Malted Milk – Time Out (ENG review)

Blues Productions/Modulor – Street date : February 27, 2025
Funk, Soul
Malted Milk – Time Out

Malted Milk, Taking a Time Out, and Raising the Bar for European Soul

In an era defined by exhaustion, political, cultural, emotional, the idea of calling a “time out” feels less like a luxury than a necessity. It is no coincidence, then, that Time Out is the title of the eighth album by Malted Milk, one of Europe’s most quietly accomplished bands. It is also rare for me to write about French blues, or its neighboring genres, for a simple reason: most French blues bands, despite good intentions, remain far removed from the level Malted Milk has maintained for more than twenty years. Longevity alone would be notable; consistency at this level is something else entirely.

Since the late 1990s, Malted Milk has been relentlessly touring Europe, building an audience album after album, rarely missing its mark. This is not the result of hype or nostalgia, but of discipline, musical culture, and an unusually high standard of self-expectation.

The group was formed in Nantes in 1996, when guitarist and singer Arnaud Fradin teamed up with harmonica player Emmanuel Frangeul around a shared passion for the raw, rural blues of Lightnin’ Hopkins, Skip James, and Robert Johnson. Their choice of name was itself a manifesto: “Malted Milk,” borrowed from a Robert Johnson song, signaling from the outset both reverence and lineage. Originally conceived as an acoustic duo, the project quickly expanded with the arrival of a rhythm section, bass, keyboards, and drums, allowing the band to explore more urban, electrified blues forms without ever losing sight of its roots.

Their first album, Peaches, Ice Cream & Wine, released in 1999, followed by Easy Baby in 2005, established their reputation on record and, just as importantly, on stage. These albums were defended at major European blues festivals and during a four-month tour in 2002 through Memphis and New Orleans. That journey felt less like a career move than a pilgrimage—to the birthplace of the blues and, more broadly, to the deep foundations of Black American music.

I hosted Malted Milk live on air many years ago; a video of that performance still circulates online. What remains vivid is not just the technical precision, but the immediate reaction of the audience, silence at first, then total immersion, then release.
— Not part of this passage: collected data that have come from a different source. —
lemma adj_irrefl [simp]: "\<not> adj c c"
  unfolding adj_def by simp

lemma sym_adjrel: "sym (adjrel S)"
  unfolding adjrel_def sym_def using adj_sym by auto

lemma finite_adjrel: "finite S \<Longrightarrow> finite (adjrel S)"
  unfolding adjrel_def by (rule finite_subset[of _ "S \<times> S"]) auto

definition neighbours :: "cell \<Rightarrow> cell set" where
  "neighbours c = {(fst c + 1, snd c), (fst c - 1, snd c), (fst c, snd c + 1), (fst c, snd c - 1)}"

lemma adj_iff_neighbours: "adj c d \<longleftrightarrow> d \<in> neighbours c"
  by (cases c; cases d) (auto simp: adj_def neighbours_def abs_if split: if_splits)

lemma card_neighbours: "card (neighbours c) = 4"
  unfolding neighbours_def by auto

lemma finite_neighbours [simp]: "finite (neighbours c)"
  unfolding neighbours_def by simp

definition boundary :: "cell set \<Rightarrow> (cell \<times> cell) set" where
  "boundary S = {(c, d). c \<in> S \<and> d \<notin> S \<and> adj c d}"

lemma boundary_subset_Sigma: "boundary S \<subseteq> Sigma S neighbours"
  unfolding boundary_def by (auto simp: adj_iff_neighbours)

lemma finite_boundary: "finite S \<Longrightarrow> finite (boundary S)"
  using boundary_subset_Sigma by (rule finite_subset) auto

lemma card_adjrel_add_card_boundary:
  assumes "finite A"
  shows "card (adjrel A) + card (boundary A) = 4 * card A"
proof -
  have "adjrel A \<union> boundary A = Sigma A neighbours"
    unfolding adjrel_def boundary_def by (auto simp: adj_iff_neighbours)
  moreover have "adjrel A \<inter> boundary A = {}"
    unfolding adjrel_def boundary_def by auto
  moreover have "card (Sigma A neighbours) = 4 * card A"
    using assms by (simp add: card_SigmaI card_neighbours)
  ultimately show ?thesis
    using assms finite_adjrel finite_boundary by (metis card_Un_disjoint)
qed

lemma card_boundary_singleton: "card (boundary {c}) = 4"
proof -
  have "boundary {c} = {c} \<times> neighbours c"
    unfolding boundary_def by (auto simp: adj_iff_neighbours[symmetric])
  then show ?thesis by (simp add: card_cartesian_product card_neighbours)
qed

text \<open>Every vertex other than the root r has a parent strictly closer to r; the
  pairs (x, parent x) and (parent x, x) are 2 (card A - 1) distinct pairs of R.\<close>
lemma card_connected_sym_rel_ge:
  assumes "finite A" "R \<subseteq> A \<times> A" "sym R" "r \<in> A" "\<forall>x\<in>A. (r, x) \<in> R\<^sup>*"
  shows "2 * (card A - 1) \<le> card R"
proof -
  define depth where "depth x = (LEAST k. (r, x) \<in> R ^^ k)" for x
  have "\<exists>p. (p, x) \<in> R \<and> depth p < depth x" if x: "x \<in> A - {r}" for x
  proof -
    from assms(5) x obtain k where "(r, x) \<in> R ^^ k" by (auto simp: rtrancl_power)
    then have rx: "(r, x) \<in> R ^^ depth x" unfolding depth_def by (rule LeastI)
    with x obtain j where j: "depth x = Suc j" by (cases "depth x") auto
    with rx obtain p where "(r, p) \<in> R ^^ j" "(p, x) \<in> R" by auto
    moreover from this(1) have "depth p \<le> j" unfolding depth_def by (rule Least_le)
    ultimately show ?thesis using j by auto
  qed
  then obtain parent where parent: "\<And>x. x \<in> A - {r} \<Longrightarrow> (parent x, x) \<in> R \<and> depth (parent x) < depth x"
    by metis
  define up where "up = (\<lambda>x. (x, parent x)) ` (A - {r})"
  define down where "down = (\<lambda>x. (parent x, x)) ` (A - {r})"
  have "card up = card A - 1" "card down = card A - 1"
    unfolding up_def down_def using assms(1,4) by (subst card_image; auto simp: inj_on_def)+
  moreover have "up \<subseteq> R" "down \<subseteq> R"
    unfolding up_def down_def using parent assms(3) by (auto dest: symD)
  moreover have "up \<inter> down = {}"
  proof -
    have False if "x \<in> A - {r}" "y \<in> A - {r}" "(x, parent x) = (parent y, y)" for x y
      using that parent[of x] parent[of y] by auto
    then show ?thesis unfolding up_def down_def by blast
  qed
  moreover have "finite R" using assms(1,2) finite_subset by blast
  ultimately show ?thesis
    by (metis card_Un_disjoint card_mono le_sup_iff mult_2 rev_finite_subset)
qed

definition adj_path :: "cell set \<Rightarrow> cell list \<Rightarrow> bool" where
  "adj_path A xs \<longleftrightarrow> xs \<noteq> [] \<and> distinct xs \<and> set xs \<subseteq> A \<and>
      (\<forall>i < length xs - 1. adj (xs ! i) (xs ! (i + 1)))"

lemma acyclic_poly_iff_no_closed_path:
  "acyclic_poly A \<longleftrightarrow> \<not> (\<exists>xs. 3 \<le> length xs \<and> adj_path A xs \<and> adj (last xs) (hd xs))"
  unfolding acyclic_poly_def adj_path_def by auto

lemma acyclic_poly_subset: "acyclic_poly A \<Longrightarrow> B \<subseteq> A \<Longrightarrow> acyclic_poly B"
  unfolding acyclic_poly_def by blast

lemma adj_path_snoc:
  assumes "adj_path A xs" "w \<in> A" "w \<notin> set xs" "adj (last xs) w"
  shows "adj_path A (xs @ [w])"
  unfolding adj_path_def
proof (intro conjI allI impI)
  fix i assume "i < length (xs @ [w]) - 1"
  then have "i < length xs" by simp
  then consider "i + 1 < length xs" | "i = length xs - 1" by linarith
  then show "adj ((xs @ [w]) ! i) ((xs @ [w]) ! (i + 1))"
  proof cases
    case 1
    then show ?thesis using assms(1) by (simp add: adj_path_def nth_append)
  next
    case 2
    then have "(xs @ [w]) ! i = last xs" "(xs @ [w]) ! (i + 1) = w"
      using assms(1) by (auto simp: adj_path_def nth_append last_conv_nth)
    then show ?thesis using assms(4) by simp
  qed
qed (use assms in \<open>auto simp: adj_path_def\<close>)

lemma adj_path_drop: "adj_path A xs \<Longrightarrow> i < length xs \<Longrightarrow> adj_path A (drop i xs)"
  unfolding adj_path_def by (auto simp: add.assoc dest: in_set_dropD)

lemma adj_path_rtrancl:
  assumes "adj_path A xs" "j < length xs"
  shows "(hd xs, xs ! j) \<in> {(xs ! i, xs ! Suc i) | i. i < length xs - 1}\<^sup>*"
  using assms(2)
proof (induction j)
  case 0
  then show ?case using assms(1) by (simp add: adj_path_def hd_conv_nth)
next
  case (Suc j)
  then have "(xs ! j, xs ! Suc j) \<in> {(xs ! i, xs ! Suc i) | i. i < length xs - 1}" by auto
  with Suc show ?case by (meson Suc_lessD rtrancl_into_rtrancl)
qed

lemma exists_longest_adj_path:
  assumes "finite A" "a \<in> A"
  obtains xs where "adj_path A xs" "\<And>ys. adj_path A ys \<Longrightarrow> length ys \<le> length xs"
proof -
  have "adj_path A [a]" using assms(2) by (simp add: adj_path_def)
  moreover have "length ys \<le> card A" if "adj_path A ys" for ys
    using that assms(1) unfolding adj_path_def by (metis card_mono distinct_card)
  ultimately obtain m where "\<exists>xs. adj_path A xs \<and> length xs = m"
    and "\<And>ys. adj_path A ys \<Longrightarrow> length ys \<le> m"
    using Nat.ex_has_greatest_nat[of "\<lambda>m. \<exists>xs. adj_path A xs \<and> length xs = m" 1 "card A"]
    by force
  then show ?thesis using that by blast
qed

text \<open>The last cell of a longest path has no neighbour off the path, and its only
  neighbour on the path is its predecessor, as any other one would close a cycle.\<close>
lemma acyclic_poly_has_leaf:
  assumes "finite A" "A \<noteq> {}" "acyclic_poly A"
  obtains v where "v \<in> A" "card {w\<in>A. adj v w} \<le> 1"
proof -
  obtain xs where xs: "adj_path A xs" and longest: "\<And>ys. adj_path A ys \<Longrightarrow> length ys \<le> length xs"
    using exists_longest_adj_path assms(1,2) by blast
  define m where "m = length xs"
  define v where "v = last xs"
  have m: "m \<ge> 1" "v = xs ! (m - 1)" "v \<in> A"
    using xs unfolding m_def v_def adj_path_def by (auto simp: last_conv_nth Suc_leI)
  have "{w\<in>A. adj v w} \<subseteq> {xs ! (m - 2)}"
  proof
    fix w assume w: "w \<in> {w\<in>A. adj v w}"
    have "w \<in> set xs"
      using longest[OF adj_path_snoc[OF xs, of w]] w unfolding v_def by fastforce
    then obtain i where i: "i < m" "xs ! i = w" unfolding m_def by (auto simp: in_set_conv_nth)
    have "i \<noteq> m - 1" using i w m by auto
    moreover have "\<not> i < m - 2"
    proof
      assume "i < m - 2"
      then have "3 \<le> length (drop i xs)" unfolding m_def by simp
      moreover have "adj (last (drop i xs)) (hd (drop i xs))"
        using i w unfolding v_def m_def by (simp add: hd_drop_conv_nth)
      ultimately show False
        using adj_path_drop[OF xs] i(1) assms(3)
        unfolding acyclic_poly_iff_no_closed_path m_def by blast
    qed
    ultimately have "i = m - 2" using i by linarith
    then show "w \<in> {xs ! (m - 2)}" using i by simp
  qed
  then have "card {w\<in>A. adj v w} \<le> card {xs ! (m - 2)}" by (intro card_mono) auto
  then show ?thesis using that m by simp
qed

lemma card_adjrel_remove:
  assumes "finite A" "v \<in> A"
  shows "card (adjrel A) = card (adjrel (A - {v})) + 2 * card {w\<in>A. adj v w}"
proof -
  define N where "N = {w\<in>A. adj v w}"
  have split: "adjrel A = adjrel (A - {v}) \<union> ({v} \<times> N) \<union> (N \<times> {v})"
    unfolding adjrel_def N_def using assms(2) adj_sym by auto
  have "finite N" "v \<notin> N" using assms(1) unfolding N_def by auto
  moreover have "adjrel (A - {v}) \<inter> ({v} \<times> N) = {}"
    "(adjrel (A - {v}) \<union> ({v} \<times> N)) \<inter> (N \<times> {v}) = {}"
    using \<open>v \<notin> N\<close> by (auto simp: adjrel_def)
  ultimately show ?thesis
    unfolding split N_def[symmetric] using assms(1) finite_adjrel[of "A - {v}"]
    by (simp add: card_Un_disjoint card_cartesian_product)
qed

lemma card_adjrel_le_if_acyclic:
  "finite A \<Longrightarrow> acyclic_poly A \<Longrightarrow> card (adjrel A) \<le> 2 * (card A - 1)"
proof (induction "card A" arbitrary: A)
  case 0
  then show ?case by (simp add: adjrel_def)
next
  case (Suc k)
  then have "A \<noteq> {}" by auto
  then obtain v where v: "v \<in> A" "card {w\<in>A. adj v w} \<le> 1"
    using acyclic_poly_has_leaf Suc.prems by blast
  have k: "card (A - {v}) = k" using Suc v by simp
  have deg_le_k: "card {w\<in>A. adj v w} \<le> k"
    unfolding k[symmetric] using Suc.prems(1) by (intro card_mono) auto
  then have "card (adjrel (A - {v})) \<le> 2 * (k - 1)"
    using k Suc.hyps(1)[of "A - {v}"] Suc.prems acyclic_poly_subset[of A "A - {v}"] by auto
  then show ?case
    using card_adjrel_remove[OF Suc.prems(1) v(1)] v(2) deg_le_k Suc.hyps(2) by (cases k) auto
qed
Fradin’s guitar tone was warm and unforced, the horns locked in with surgical precision, and the band moved as a single body. Malted Milk are musicians of culture, in the deepest sense of the word, with an uncompromising level of artistic rigor. They know how to build a show, how to pace it, how to hold a crowd without resorting to theatrics. From the first notes, the audience was theirs.

If there is a common thread between Time Out and earlier albums, it lies in inspiration rather than execution. Everything else reflects a band that has pushed its standards even higher. Attempting to classify Malted Milk within a single genre ultimately misses the point. This is a group in constant renewal, one that pays tribute to African American musical traditions while reworking rhythmic frameworks, horn arrangements, and grooves with striking fluency. One might hear echoes of classic soul revues, modern funk collectives, or jazz-informed rhythm sections, but never imitation.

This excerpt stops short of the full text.